● Aim of the task:
If a line holds the word "definition", copy it from the entries.

● Record set:
(* Let $a\in A\subseteq\mathbf{R}^n$, $C\in\mathbf{R}$, and let $f:\mathbf{R}^n\to\mathcal{P}(\mathbf{R}^n)$ be a multivalued map such that $\Theta^n(\mathscr{L}^n\llcorner(\mathbf{R}^n\setminus A),a)=0$, $f(b)$ is a singleton for every $b\in A$, $f|A$ is differentiable at $a$, and $$|f(b)-y|\le C|b-c|\quad\text{whenever }b\in A,\ c\in\mathbf{R}^n,\ y\in f(c).$$ Then $f$ is strongly differentiable at $a$.
   Context: $\mathcal{P}(\mathbf{R}^n)$ is the power set. $\Theta^n(\mu,x)=\lim_{r\downarrow0}\mu(\mathbf{B}(x,r))/(\alpha(n)r^n)$ (Euclidean closed balls). For a multivalued $T$ and a set $A$, $T|A$ is the multivalued map equal to $T$ on $A$ and to $\varnothing$ off $A$; a singleton value is identified with its element. A multivalued map $T$ from $\mathbf{R}^n$ to $\mathbf{R}^m$ is differentiable at $a$ if $T(a)$ is a singleton and there exists a linear $L$ such that for every $\varepsilon>0$ there is $\delta>0$ with $|y-T(a)-L(x-a)|\le\varepsilon|x-a|$ whenever $|x-a|\le\delta$ and $y\in T(x)$; it is strongly differentiable at $a$ if it is differentiable at $a$ and such $L$ is unique. *)

theory Defs
  imports "HOL-Analysis.Analysis"
begin

text \<open>Lebesgue outer measure (the paper's L^n is defined on all sets).\<close>
definition lebesgue_outer :: "'a::euclidean_space set \<Rightarrow> ennreal" where
  "lebesgue_outer E = (INF U \<in> {U \<in> sets lebesgue. E \<subseteq> U}. emeasure lebesgue U)"

definition density_restr_zero :: "'a::euclidean_space set \<Rightarrow> 'a \<Rightarrow> bool" where
  "density_restr_zero B x \<longleftrightarrow>
     ((\<lambda>r. enn2real (lebesgue_outer (cball x r \<inter> B)) /
            (unit_ball_vol (real DIM('a)) * r ^ DIM('a))) \<longlongrightarrow> 0) (at_right 0)"

definition mv_restrict :: "('a \<Rightarrow> 'b set) \<Rightarrow> 'a set \<Rightarrow> 'a \<Rightarrow> 'b set" where
  "mv_restrict T A = (\<lambda>x. if x \<in> A then T x else {})"

definition mv_diff_with ::
  "('a::real_normed_vector \<Rightarrow> 'b::real_normed_vector set) \<Rightarrow> 'a \<Rightarrow> ('a \<Rightarrow> 'b) \<Rightarrow> bool" where
  "mv_diff_with T a L \<longleftrightarrow> (\<exists>v. T a = {v}) \<and> linear L \<and>
     (\<forall>\<epsilon>>0. \<exists>\<delta>>0. \<forall>x y. norm (x - a) \<le> \<delta> \<and> y \<in> T x \<longrightarrow>
        norm (y - the_elem (T a) - L (x - a)) \<le> \<epsilon> * norm (x - a))"

definition mv_differentiable ::
  "('a::real_normed_vector \<Rightarrow> 'b::real_normed_vector set) \<Rightarrow> 'a \<Rightarrow> bool" where
  "mv_differentiable T a \<longleftrightarrow> (\<exists>L. mv_diff_with T a L)"

definition mv_strongly_differentiable ::
  "('a::real_normed_vector \<Rightarrow> 'b::real_normed_vector set) \<Rightarrow> 'a \<Rightarrow> bool" where
  "mv_strongly_differentiable T a \<longleftrightarrow> mv_differentiable T a \<and>
     (\<forall>L1 L2. mv_diff_with T a L1 \<and> mv_diff_with T a L2 \<longrightarrow> L1 = L2)"

end

theory Submission
  imports Defs
begin

(* Zero density of the complement of A at a forces every point x near a to lie within
   o(|x - a|) of A: otherwise a ball of radius comparable to |x - a| that misses A would
   fill a fixed fraction of cball a (2 |x - a|). Moving x to such a nearby b in A, the
   Lipschitz-type hypothesis transfers the first-order expansion of f|A at a to f itself.
   Two linear maps that both approximate f at a agree up to o(|b - a|) on the vectors
   b - a with b in A, and these vectors approximate every vector, so the maps coincide. *)

lemma lebesgue_outer_mono:
  assumes "E \<subseteq> F"
  shows "lebesgue_outer E \<le> lebesgue_outer F"
  unfolding lebesgue_outer_def using assms by (intro INF_superset_mono) auto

● Problem solution:
definition lebesgue_outer :: "'a::euclidean_space set \<Rightarrow> ennreal" where
definition density_restr_zero :: "'a::euclidean_space set \<Rightarrow> 'a \<Rightarrow> bool" where
definition mv_restrict :: "('a \<Rightarrow> 'b set) \<Rightarrow> 'a set \<Rightarrow> 'a \<Rightarrow> 'b set" where
definition mv_diff_with ::
definition mv_differentiable ::
definition mv_strongly_differentiable ::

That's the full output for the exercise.